Objective To determine the prevalence of lifetime history of traumatic brain injury (TBI) with loss of consciousness (LOC) among adult, non-institutionalised residents of Ohio.

Methods We analysed data from 2014 Ohio Behavioral Risk Factor Surveillance System, which included a state-specific module designed to elicit lifetime history of TBI.

Results Of non-institutionalised adults 18 years and over living in Ohio, 21.7% reported at least one lifetime TBI with LOC, 2.6% experienced at least one moderate or severe such injury, 9.1% experienced a TBI with LOC before age 15 years and 10.8% experienced either TBI with LOC before age 15 years or a moderate or severe injury. Males, those with lower incomes and those unable to work were more likely to have incurred at least one TBI with LOC, multiple TBIs with LOC, a moderate or severe TBI and a TBI with LOC before age15.

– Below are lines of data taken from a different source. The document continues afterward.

(* In the setting described in the context, suppose $m>p\ge2$, $0\le w_l<1$ for each $l=1,\ldots,m$, and $f(\mathbf{w})>0$. Fix $i\in\{1,\ldots,m\}$ and let $a,b,A,B$ be as defined in the context. Then the solution of $\max_{0\le x\le1}h_i(x)$ belongs to one of the following four cases: (1) If $A\ne B$, $A>0$, $B>0$, $a>b$, $aB>bA$, and $bA<(a-b)B$, then \[ \max_{0\le x\le1}h_i(x)=\left(\frac{\sqrt{A(a-b)}-\sqrt{aB-bA}}{A-B}\right)^2, \] attained uniquely at $x_*=\frac{t_*-B}{A-B}\in(0,1)$, where $t_*=\sqrt{\frac{A(aB-bA)}{a-b}}\in(\min\{A,B\},\max\{A,B\})$; (2) If $A=B$ and $a>2b$, then $\max_{0\le x\le1}h_i(x)=\frac{a^2}{4(a-b)B}>0$, attained uniquely at $x_*=\frac{a-2b}{2a-2b}\in(0,1)$; (3) If $A\ne B$, $B=0$, and $b=0$, then $\max_{0\le x\le1}h_i(x)=\frac{a}{A}>0$, attained uniquely at $x_*=0$; (4) For all other cases, $\max_{0\le x\le1}h_i(x)=\frac{b}{B}>0$, attained at the unique $x_*=0$.
   Context: Given a model matrix $\mathbf{X}\in\mathbb{R}^{m\times p}$ (rows $\mathbf{q}(\mathbf{x}_i)^T$ for distinct design points under a generalized linear model) and numbers $\nu_1,\ldots,\nu_m\ge0$ (where $\nu_i=(\partial\mu_i/\partial\eta_i)^2/\mathrm{Var}(Y_i)$), for $\mathbf{w}=(w_1,\ldots,w_m)^T$ with $w_l\ge0$, $\sum_lw_l=1$, let $\mathbf{W}=\mathrm{diag}\{w_1\nu_1,\ldots,w_m\nu_m\}$, $f(\mathbf{w})=|\mathbf{X}^T\mathbf{W}\mathbf{X}|$, $f_{-j}(\mathbf{w})=|\mathbf{X}_{-j}^T\mathbf{W}\mathbf{X}_{-j}|$ for $j=1,\ldots,p$ (with $\mathbf{X}_{-j}$ being $\mathbf{X}$ with its $j$th column removed), and $h(\mathbf{w})=[\mathrm{tr}((\mathbf{X}^T\mathbf{W}\mathbf{X})^{-1})]^{-1}$ if $f(\mathbf{w})>0$, $h(\mathbf{w})=0$ otherwise. For $i$ with $0\le w_i<1$ and $x\in[0,1]$, let $\mathbf{w}^{(i)}(x)=\big(\tfrac{1-x}{1-w_i}w_1,\ldots,\tfrac{1-x}{1-w_i}w_{i-1},x,\tfrac{1-x}{1-w_i}w_{i+1},\ldots,\tfrac{1-x}{1-w_i}w_m\big)^T$, $f_i(x)=f(\mathbf{w}^{(i)}(x))$, $f_i^{(-j)}(x)=f_{-j}(\mathbf{w}^{(i)}(x))$, and $h_i(x)=h(\mathbf{w}^{(i)}(x))$. Define constants: if $0<w_i<1$, $b=f_i(0)$, $a=[f(\mathbf{w})-b(1-w_i)^p]/[w_i(1-w_i)^{p-1}]$, $b_j=f_i^{(-j)}(0)$, $a_j=[f_{-j}(\mathbf{w})-b_j(1-w_i)^{p-1}]/[w_i(1-w_i)^{p-2}]$; if $w_i=0$, $b=f(\mathbf{w})$, $a=2^pf_i(1/2)-b$, $b_j=f_{-j}(\mathbf{w})$, $a_j=2^{p-1}f_i^{(-j)}(1/2)-b_j$. (Then $f_i(x)=ax(1-x)^{p-1}+b(1-x)^p$ and $f_i^{(-j)}(x)=a_jx(1-x)^{p-2}+b_j(1-x)^{p-1}$ with all these constants nonnegative.) Finally let $A=\sum_{j=1}^pa_j$ and $B=\sum_{j=1}^pb_j$. *)

theory Defs
  imports "Jordan_Normal_Form.Determinant" "Jordan_Normal_Form.Gauss_Jordan_Elimination"
begin

(* Conventions: the model matrix X is an m x p JNF matrix (rows/cols indexed from 0),
   weights w and numbers nu are functions nat => real, only their values at 0..<m matter.
   Design-point index i and column index j are 0-based. *)

definition mtrace :: "real mat \<Rightarrow> real" where
  "mtrace M = (\<Sum>k<dim_row M. M $$ (k,k))"

definition Wmat :: "nat \<Rightarrow> (nat \<Rightarrow> real) \<Rightarrow> (nat \<Rightarrow> real) \<Rightarrow> real mat" where
  "Wmat m nu w = mat m m (\<lambda>(r,c). if r = c then w r * nu r else 0)"

definition info_mat :: "real mat \<Rightarrow> (nat \<Rightarrow> real) \<Rightarrow> (nat \<Rightarrow> real) \<Rightarrow> real mat" where
  "info_mat X nu w = transpose_mat X * Wmat (dim_row X) nu w * X"

definition fdet :: "real mat \<Rightarrow> (nat \<Rightarrow> real) \<Rightarrow> (nat \<Rightarrow> real) \<Rightarrow> real" where
  "fdet X nu w = det (info_mat X nu w)"

definition del_col :: "real mat \<Rightarrow> nat \<Rightarrow> real mat" where
  "del_col X j = mat (dim_row X) (dim_col X - 1) (\<lambda>(r,c). X $$ (r, if c < j then c else Suc c))"

definition fdet_minus :: "real mat \<Rightarrow> (nat \<Rightarrow> real) \<Rightarrow> (nat \<Rightarrow> real) \<Rightarrow> nat \<Rightarrow> real" where
  "fdet_minus X nu w j = fdet (del_col X j) nu w"

definition hfun :: "real mat \<Rightarrow> (nat \<Rightarrow> real) \<Rightarrow> (nat \<Rightarrow> real) \<Rightarrow> real" where
  "hfun X nu w = (if fdet X nu w > 0
      then 1 / mtrace (the (mat_inverse (info_mat X nu w))) else 0)"

definition wpath :: "(nat \<Rightarrow> real) \<Rightarrow> nat \<Rightarrow> real \<Rightarrow> (nat \<Rightarrow> real)" where
  "wpath w i x = (\<lambda>l. if l = i then x else (1 - x) / (1 - w i) * w l)"

definition b_const :: "real mat \<Rightarrow> (nat \<Rightarrow> real) \<Rightarrow> (nat \<Rightarrow> real) \<Rightarrow> nat \<Rightarrow> real" where
  "b_const X nu w i = (if w i = 0 then fdet X nu w else fdet X nu (wpath w i 0))"

definition a_const :: "real mat \<Rightarrow> (nat \<Rightarrow> real) \<Rightarrow> (nat \<Rightarrow> real) \<Rightarrow> nat \<Rightarrow> real" where
  "a_const X nu w i = (let p = dim_col X; b = b_const X nu w i in
     if w i = 0 then 2 ^ p * fdet X nu (wpath w i (1/2)) - b
     else (fdet X nu w - b * (1 - w i) ^ p) / (w i * (1 - w i) ^ (p - 1)))"

definition bj_const :: "real mat \<Rightarrow> (nat \<Rightarrow> real) \<Rightarrow> (nat \<Rightarrow> real) \<Rightarrow> nat \<Rightarrow> nat \<Rightarrow> real" where
  "bj_const X nu w i j = (if w i = 0 then fdet_minus X nu w j else fdet_minus X nu (wpath w i 0) j)"

definition aj_const :: "real mat \<Rightarrow> (nat \<Rightarrow> real) \<Rightarrow> (nat \<Rightarrow> real) \<Rightarrow> nat \<Rightarrow> nat \<Rightarrow> real" where
  "aj_const X nu w i j = (let p = dim_col X; bj = bj_const X nu w i j in
     if w i = 0 then 2 ^ (p - 1) * fdet_minus X nu (wpath w i (1/2)) j - bj
     else (fdet_minus X nu w j - bj * (1 - w i) ^ (p - 1)) / (w i * (1 - w i) ^ (p - 2)))"

definition A_const :: "real mat \<Rightarrow> (nat \<Rightarrow> real) \<Rightarrow> (nat \<Rightarrow> real) \<Rightarrow> nat \<Rightarrow> real" where
  "A_const X nu w i = (\<Sum>j<dim_col X. aj_const X nu w i j)"

definition B_const :: "real mat \<Rightarrow> (nat \<Rightarrow> real) \<Rightarrow> (nat \<Rightarrow> real) \<Rightarrow> nat \<Rightarrow> real" where
  "B_const X nu w i = (\<Sum>j<dim_col X. bj_const X nu w i j)"

definition unique_max_on01 :: "(real \<Rightarrow> real) \<Rightarrow> real \<Rightarrow> real \<Rightarrow> bool" where
  "unique_max_on01 g xs v \<longleftrightarrow> 0 \<le> xs \<and> xs \<le> 1 \<and> g xs = v \<and>
      (\<forall>x. 0 \<le> x \<and> x \<le> 1 \<and> x \<noteq> xs \<longrightarrow> g x < v)"

end

(* Along the path w^(i)(x) the information matrix is (1 - x) times a rank-one update of its
   value at x = 0, so by the matrix determinant lemma f_i(x) = (1-x)^(p-1) ((1-x) b + x a) and
   sum_j f_i^(-j)(x) = (1-x)^(p-2) ((1-x) B + x A), all coefficients being nonnegative since the
   determinants involved are Gram determinants.  Cramer's rule gives h = f / sum_j f_(-j), hence
   h_i(x) = (1-x) ((1-x) b + x a) / ((1-x) B + x A), and completing squares solves the resulting
   one-dimensional problem.  The degenerate patterns B = 0 and A = 0 < a are excluded by the bound
   h(w) |u|^2 <= u' (X'WX) u, i.e. 1 / tr(M^-1) is at most the least eigenvalue of M, applied along
   the path near its two end points. *)

theory Submission
  imports Defs "HOL-Analysis.Convex"
begin

section \<open>Determinants and quadratic forms\<close>

lemma det_first_row_unit:
  fixes A :: "real mat"
  assumes A: "A \<in> carrier_mat (Suc n) (Suc n)" and row: "\<And>c. 0 < c \<Longrightarrow> c < Suc n \<Longrightarrow> A $$ (0,c) = 0"
  shows "det A = A $$ (0,0) * det (mat_delete A 0 0)"
proof -
  have "det A = (\<Sum>c<Suc n. A $$ (0,c) * cofactor A 0 c)"
    by (rule laplace_expansion_row[OF A]) simp
  also have "\<dots> = A $$ (0,0) * cofactor A 0 0"
    using row by (subst sum.lessThan_Suc_shift) simp
  finally show ?thesis by (simp add: cofactor_def)
qed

Conclusions One in five adults experienced TBIs of sufficient severity to cause LOC; 3% experienced at least one moderate or severe TBI and almost 10% experienced a first TBI with LOC before the age of 15 years. The prevalence of lifetime TBI in the present study suggests that there may be a substantially greater burden of injury than concluded from previous prevalence estimates.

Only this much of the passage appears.